All up, it’s hard to imagine a stronger, clearer case that the NT intervention is hated by the people affected by it. And yet The Australian, the Northern Territory News, the ABC and the bulk of mainstream media continue to prop up claims the intervention has local support.

No other corner of Australian democracy is served so poorly by our media. And there’s one simple reason why it occurs. It’s the same reason why the smear against Behrendt has passed with barely a whimper from mainstream outlets.

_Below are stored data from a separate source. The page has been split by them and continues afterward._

(* Consider the boundary-driven constrained lattice gas on the two-dimensional cylinder $\Lambda = [1,L]\times \mathbb{Z}/L\mathbb{Z}$, with boundary $\partial \Lambda = \{1,L\}\times \mathbb{Z}/L\mathbb{Z}$. Set the left reservoir to $\alpha_\ell$ and the right reservoir to $\alpha_r$, i.e. $\alpha(i)=\alpha_\ell$ if $i\in\{1\}\times\mathbb{Z}/L\mathbb{Z}$ and $\alpha(i)=\alpha_r$ if $i\in\{L\}\times\mathbb{Z}/L\mathbb{Z}$. Then, for every $(i_1,i_2)\in\Lambda$, \[ \rho_a(i_1,i_2) = \alpha_\ell + (\alpha_r-\alpha_\ell)\frac{i_1}{L+1}. \]
   Context: Configurations are $\eta\in\{0,1\}^{\Lambda}$, with $\eta_i=1$ meaning site $i$ is occupied. A particle at $i$ is active if at least one neighbouring site is occupied; set $A_i=\eta_i\,\mathbf 1_{\{\sum_{j'\sim i}\eta_{j'}>0\}}$, where sites outside $\Lambda$ are treated as always occupied ($\eta\equiv1$ on $\Lambda^c$), so boundary particles are always active. The dynamics has generator $\mathscr L=\mathscr L_{bulk}+\mathscr L_{boundary}$ with $\mathscr L_{bulk}f(\eta)=\sum_{i\in\Lambda}\sum_{j\in\Lambda,\,j\sim i}A_i(1-\eta_j)\{f(\eta^{i,j})-f(\eta)\}$ ($\eta^{i,j}$: the particle at $i$ jumps to $j$), and $\mathscr L_{boundary}f(\eta)=\sum_{i\in\partial\Lambda}\big(\alpha(i)f(\eta^{i\leftarrow1})+(1-\alpha(i))f(\eta^{i\leftarrow0})-f(\eta)\big)$ (resampling the occupation of boundary site $i$ as a Bernoulli($\alpha(i)$) variable), where $\alpha:\partial\Lambda\to(0,1)$. Let $\pi_\alpha$ be the unique stationary measure and $\rho_a(i)=\mathbb E_{\pi_\alpha}[A_i]$ for $i\in\Lambda$. The paper's theorem shows that $\rho_a$ is discrete-harmonic in $\Lambda$, i.e. $\sum_{j\sim i}(\rho_a(j)-\rho_a(i))=0$ for all $i\in\Lambda$ (sum over neighbours $j$ in $\Lambda$ and in the mirror boundary $\{i\in\mathbb Z^d: d(i,\Lambda)=1\}$), with Dirichlet data $\rho_a(i^* )=\alpha(i)$ at the mirror site $i^*$ adjacent to boundary site $i$; the corollary follows by solving this Dirichlet problem on the cylinder (mirror sites at $i_1=0$ and $i_1=L+1$). *)

theory Defs
  imports Complex_Main
begin

text \<open>Sites of the cylinder [1,L] x Z/LZ are pairs (i1,i2) with 1 <= i1 <= L and
  0 <= i2 < L (i2 represents a residue class mod L).  A configuration eta in {0,1}^Lambda
  is represented by its set of occupied sites, a subset of the cylinder.\<close>

definition cyl :: "nat \<Rightarrow> (nat \<times> nat) set" where
  "cyl L = {1..L} \<times> {0..<L}"

definition cyl_bdry :: "nat \<Rightarrow> (nat \<times> nat) set" where
  "cyl_bdry L = {1, L} \<times> {0..<L}"

definition cyl_adj :: "nat \<Rightarrow> nat \<times> nat \<Rightarrow> nat \<times> nat \<Rightarrow> bool" where
  "cyl_adj L i j \<longleftrightarrow> i \<noteq> j \<and>
     ((snd i = snd j \<and> (fst j = fst i + 1 \<or> fst i = fst j + 1)) \<or>
      (fst i = fst j \<and> (snd j = (snd i + 1) mod L \<or> snd i = (snd j + 1) mod L)))"

text \<open>Activity A_i(eta): particle at i with at least one occupied neighbour, where sites
  outside Lambda count as occupied.  A site of the cylinder has a neighbour in Z x Z/LZ
  outside the cylinder exactly when it lies on the boundary {1,L} x Z/LZ.\<close>
definition active :: "nat \<Rightarrow> (nat \<times> nat) set \<Rightarrow> nat \<times> nat \<Rightarrow> real" where
  "active L eta i =
     (if i \<in> eta \<and> (i \<in> cyl_bdry L \<or> (\<exists>j\<in>cyl L. cyl_adj L i j \<and> j \<in> eta)) then 1 else 0)"

definition jump :: "(nat \<times> nat) set \<Rightarrow> nat \<times> nat \<Rightarrow> nat \<times> nat \<Rightarrow> (nat \<times> nat) set" where
  "jump eta i j = insert j (eta - {i})"

definition gen :: "nat \<Rightarrow> (nat \<times> nat \<Rightarrow> real) \<Rightarrow> ((nat \<times> nat) set \<Rightarrow> real)
                    \<Rightarrow> (nat \<times> nat) set \<Rightarrow> real" where
  "gen L \<alpha> f eta =
     (\<Sum>i\<in>cyl L. \<Sum>j\<in>{j\<in>cyl L. cyl_adj L i j}.
        active L eta i * (if j \<in> eta then 0 else 1) * (f (jump eta i j) - f eta))
   + (\<Sum>i\<in>cyl_bdry L. \<alpha> i * f (insert i eta) + (1 - \<alpha> i) * f (eta - {i}) - f eta)"

definition stationary :: "nat \<Rightarrow> (nat \<times> nat \<Rightarrow> real) \<Rightarrow> ((nat \<times> nat) set \<Rightarrow> real) \<Rightarrow> bool" where
  "stationary L \<alpha> \<pi> \<longleftrightarrow>
     (\<forall>eta\<in>Pow (cyl L). 0 \<le> \<pi> eta) \<and> (\<Sum>eta\<in>Pow (cyl L). \<pi> eta) = 1 \<and>
     (\<forall>f. (\<Sum>eta\<in>Pow (cyl L). \<pi> eta * gen L \<alpha> f eta) = 0)"

definition rho_a :: "nat \<Rightarrow> ((nat \<times> nat) set \<Rightarrow> real) \<Rightarrow> nat \<times> nat \<Rightarrow> real" where
  "rho_a L \<pi> i = (\<Sum>eta\<in>Pow (cyl L). \<pi> eta * active L eta i)"

definition cyl_alpha :: "nat \<Rightarrow> real \<Rightarrow> real \<Rightarrow> nat \<times> nat \<Rightarrow> real" where
  "cyl_alpha L al ar i = (if fst i = 1 then al else ar)"

end

theory Submission
  imports Defs
begin

text \<open>Testing the stationarity of \<open>\<pi>\<close> against the occupation variable of a site \<open>i\<close>
  turns \<open>\<rho>\<^sub>a = E\<^sub>\<pi>[A]\<close> into a solution of a discrete Dirichlet problem: for neighbours
  \<open>a, i\<close> the kinetic constraint gives \<open>A\<^sub>a \<eta>\<^sub>i = \<eta>\<^sub>a \<eta>\<^sub>i = A\<^sub>i \<eta>\<^sub>a\<close>, so the net current
  \<open>A\<^sub>a (1 - \<eta>\<^sub>i) - A\<^sub>i (1 - \<eta>\<^sub>a)\<close> is the gradient \<open>A\<^sub>a - A\<^sub>i\<close>, and the reservoirs
  contribute the Dirichlet data \<open>\<alpha>\<close>.  By the maximum principle this Dirichlet problem on
  the cylinder has at most one solution, and the profile that is affine in the first
  coordinate, with values \<open>\<alpha>\<^sub>l\<close> at \<open>i\<^sub>1 = 0\<close> and \<open>\<alpha>\<^sub>r\<close> at \<open>i\<^sub>1 = L + 1\<close>, is one.\<close>

definition cyl_nbrs :: "nat \<Rightarrow> nat \<times> nat \<Rightarrow> (nat \<times> nat) set" where
  "cyl_nbrs L i = {j \<in> cyl L. cyl_adj L i j}"

text \<open>The boundary term is the edge from \<open>i\<close> to its mirror site \<open>i\<^sup>*\<close>, where the
  Dirichlet data \<open>\<alpha> i\<close> is imposed.\<close>
definition dirichlet_laplacian ::
    "nat \<Rightarrow> (nat \<times> nat \<Rightarrow> real) \<Rightarrow> (nat \<times> nat \<Rightarrow> real) \<Rightarrow> nat \<times> nat \<Rightarrow> real" where
  "dirichlet_laplacian L \<alpha> u i =
     (\<Sum>a\<in>cyl_nbrs L i. u a - u i) + (if i \<in> cyl_bdry L then \<alpha> i - u i else 0)"

lemma cyl_adj_sym: "cyl_adj L i j \<longleftrightarrow> cyl_adj L j i"
  by (auto simp: cyl_adj_def)

lemma finite_cyl [simp]: "finite (cyl L)"
  by (simp add: cyl_def)

lemma finite_cyl_bdry [simp]: "finite (cyl_bdry L)"
  by (simp add: cyl_bdry_def)

lemma finite_cyl_nbrs [simp]: "finite (cyl_nbrs L i)"
  by (simp add: cyl_nbrs_def)

lemma jump_occupation_change:
  assumes "cyl_adj L a b"
  shows "active L eta a * (if b \<in> eta then 0 else 1) *
          ((if i \<in> jump eta a b then 1 else 0) - (if i \<in> eta then 1 else 0)) =
         (if b = i then active L eta a * (if i \<in> eta then 0 else 1) else 0)
       - (if a = i then active L eta i * (if b \<in> eta then 0 else 1) else 0)"
proof -
  have "a \<noteq> b"
    using assms by (simp add: cyl_adj_def)
  moreover have "active L eta a = 0 \<or> (active L eta a = 1 \<and> a \<in> eta)"
    by (simp add: active_def)
  ultimately show ?thesis
    by (cases "b \<in> eta"; cases "i = a"; cases "i = b"; auto simp: jump_def)
qed

lemma current_eq_active_gradient:
  assumes "i \<in> cyl L" "a \<in> cyl_nbrs L i"
  shows "active L eta a * (if i \<in> eta then 0 else 1) - active L eta i * (if a \<in> eta then 0 else 1)
     = active L eta a - active L eta i"
  using assms cyl_adj_sym[of L i a]
  by (cases "i \<in> eta"; cases "a \<in> eta") (auto simp: active_def cyl_nbrs_def)

lemma bulk_occupation_change:
  assumes "i \<in> cyl L"
  shows "(\<Sum>a\<in>cyl L. \<Sum>b\<in>cyl_nbrs L a.
            active L eta a * (if b \<in> eta then 0 else 1) *
              ((if i \<in> jump eta a b then 1 else 0) - (if i \<in> eta then 1 else 0)))
       = (\<Sum>a\<in>cyl_nbrs L i. active L eta a - active L eta i)"
proof -
  let ?gain = "\<lambda>a. active L eta a * (if i \<in> eta then 0 else 1)"
  let ?loss = "\<lambda>b. active L eta i * (if b \<in> eta then 0 else 1)"
  have "(\<Sum>a\<in>cyl L. \<Sum>b\<in>cyl_nbrs L a.
            active L eta a * (if b \<in> eta then 0 else 1) *
              ((if i \<in> jump eta a b then 1 else 0) - (if i \<in> eta then 1 else 0)))
      = (\<Sum>a\<in>cyl L. \<Sum>b\<in>cyl_nbrs L a.
            (if b = i then ?gain a else 0) - (if a = i then ?loss b else 0))"
    by (intro sum.cong refl) (simp add: jump_occupation_change cyl_nbrs_def)
  also have "\<dots> = (\<Sum>a\<in>cyl L. \<Sum>b\<in>cyl_nbrs L a. if b = i then ?gain a else 0)
      - (\<Sum>a\<in>cyl L. \<Sum>b\<in>cyl_nbrs L a. if a = i then ?loss b else 0)"
    by (simp only: sum_subtractf)
  also have "(\<Sum>a\<in>cyl L. \<Sum>b\<in>cyl_nbrs L a. if b = i then ?gain a else 0)
      = (\<Sum>a\<in>cyl L. if cyl_adj L a i then ?gain a else 0)"
    using assms by (intro sum.cong refl) (simp add: sum.delta' cyl_nbrs_def)
  also have "\<dots> = (\<Sum>a\<in>cyl_nbrs L i. ?gain a)"
    by (simp add: cyl_nbrs_def sum.inter_filter cyl_adj_sym)
  also have "(\<Sum>a\<in>cyl L. \<Sum>b\<in>cyl_nbrs L a. if a = i then ?loss b else 0)
      = (\<Sum>b\<in>cyl_nbrs L i. ?loss b)"
  proof -
    have "(\<Sum>a\<in>cyl L. \<Sum>b\<in>cyl_nbrs L a. if a = i then ?loss b else 0)
        = (\<Sum>a\<in>cyl L. if a = i then (\<Sum>b\<in>cyl_nbrs L a. ?loss b) else 0)"
      by (intro sum.cong refl) simp
    then show ?thesis
      using assms by simp
  qed
  also have "(\<Sum>a\<in>cyl_nbrs L i. ?gain a) - (\<Sum>b\<in>cyl_nbrs L i. ?loss b)
      = (\<Sum>a\<in>cyl_nbrs L i. active L eta a - active L eta i)"
    unfolding sum_subtractf[symmetric] using assms
    by (intro sum.cong refl) (rule current_eq_active_gradient)
  finally show ?thesis .
qed

lemma gen_occupation:
  assumes "i \<in> cyl L"
  shows "gen L \<alpha> (\<lambda>e. if i \<in> e then 1 else 0) eta = dirichlet_laplacian L \<alpha> (active L eta) i"
proof -
  have "(\<Sum>k\<in>cyl_bdry L. \<alpha> k * (if i \<in> insert k eta then 1 else 0)
          + (1 - \<alpha> k) * (if i \<in> eta - {k} then 1 else 0) - (if i \<in> eta then 1 else 0))
      = (\<Sum>k\<in>cyl_bdry L. if k = i then \<alpha> i - (if i \<in> eta then 1 else 0) else (0::real))"
    by (intro sum.cong refl) (auto simp: algebra_simps)
  also have "\<dots> = (if i \<in> cyl_bdry L then \<alpha> i - active L eta i else 0)"
    \<comment> \<open>boundary particles are always active\<close>
    by (simp add: active_def)
  finally show ?thesis
    using assms bulk_occupation_change[OF assms, of eta]
    by (simp add: gen_def dirichlet_laplacian_def cyl_nbrs_def)
qed

lemma dirichlet_laplacian_rho_a:
  assumes st: "stationary L \<alpha> \<pi>" and i: "i \<in> cyl L"
  shows "dirichlet_laplacian L \<alpha> (rho_a L \<pi>) i = 0"
proof -
  have total: "(\<Sum>eta\<in>Pow (cyl L). \<pi> eta) = 1"
    and balance: "(\<Sum>eta\<in>Pow (cyl L). \<pi> eta * gen L \<alpha> (\<lambda>e. if i \<in> e then 1 else 0) eta) = 0"
    using st by (auto simp: stationary_def)
  have "(\<Sum>eta\<in>Pow (cyl L). \<pi> eta * dirichlet_laplacian L \<alpha> (active L eta) i)
      = (\<Sum>a\<in>cyl_nbrs L i. \<Sum>eta\<in>Pow (cyl L). \<pi> eta * active L eta a - \<pi> eta * active L eta i)
        + (if i \<in> cyl_bdry L
           then \<alpha> i * (\<Sum>eta\<in>Pow (cyl L). \<pi> eta) - (\<Sum>eta\<in>Pow (cyl L). \<pi> eta * active L eta i)
           else 0)"
    by (simp add: dirichlet_laplacian_def algebra_simps sum.distrib sum_subtractf sum_distrib_left
        sum.swap[where A = "Pow (cyl L)"])
  also have "\<dots> = dirichlet_laplacian L \<alpha> (rho_a L \<pi>) i"
    by (simp add: dirichlet_laplacian_def rho_a_def total sum_subtractf)
  finally show ?thesis
    using balance i by (simp add: gen_occupation)
qed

Black stories don’t rate. An in-depth analysis of Aboriginal voting booths at a federal election delivers no pay off. It just creates hours of serious work. So instead, reporters walk down the hall from the Parliamentary Press Gallery to the Minister’s office and stick out their hands for an unofficial ministerial leak. Of course, all they’ve really got is a one-day head-start on a government press release.

For the better part of a decade, The Australian has relied on the fact that most people do not take an active interest in Aboriginal affairs. This affords The Oz one enormous advantage: It can leave out the history, without much fear of being exposed. It can also back whatever hare-brained government scheme suits its 1940s ideology, and then attack it later when the program inevitably fails.

Remember the Howard government’s Shared Responsibility Agreements. The Home Ownership on Indigenous Lands Program which an auditor last year found had expended $10 million to administer $3 million in loans? The disastrous COAG trials, dubbed by Amanda Vanstone as the ‘quiet revolution’ in government service delivery, but which strangled communities in red tape? And the NT intervention? All of them have been supported by The Oz.

This is the newspaper that campaigned against an apology to the Stolen Generations for eight years, only to editorialise on the eve of the national apology that it was a gesture long overdue.

On Aboriginal affairs, The Australian has more cheek than a sumo. There has been some good work done, of course: Tony Koch’s series on the Palm Island death in custody of Mulrunji Doomadgee is a good example. But on any other day the coverage is routinely poor. At best.

And throughout it all, Behrendt has been one of the loudest critics of the missionary zeal, and the embarrassing track record. Now it’s payback.

This is attack dog journalism, with rabies. Nothing else.

The fact is, there are gazillion important black stories out there. The day after The Oz declared its jihad on Behrendt, Aboriginal Australians marked the 20th anniversary of the Royal Commission into Aboriginal Deaths in Custody. It comes at a time when this nation is jailing black males nationally at a rate more than five times greater than South Africa did in the ding days of Apartheid.

Yet not a syllable about the anniversary appeared in the Oz. Fortunately, over at the SMH they had a lengthy and thoughtful analysis of the issue. By Larissa Behrendt ironically enough. A nice way to underscore the difference between serious media, and The Australian.

And a great way to remind us that it’s time for our national broadsheet to dump the smear and gossip and get back to its well-worn recipe of blind ideology paraded as fact, and gross misreporting masquerading as quality journalism.

Otherwise, it’s just flogging a dead horse.

* Chris Graham is a Walkley Award and Human Rights Award winning journalist, the former managing editor of Tracker magazine, and the former founder and editor of the National Indigenous Times. He’s now a freelance writer based in Sydney.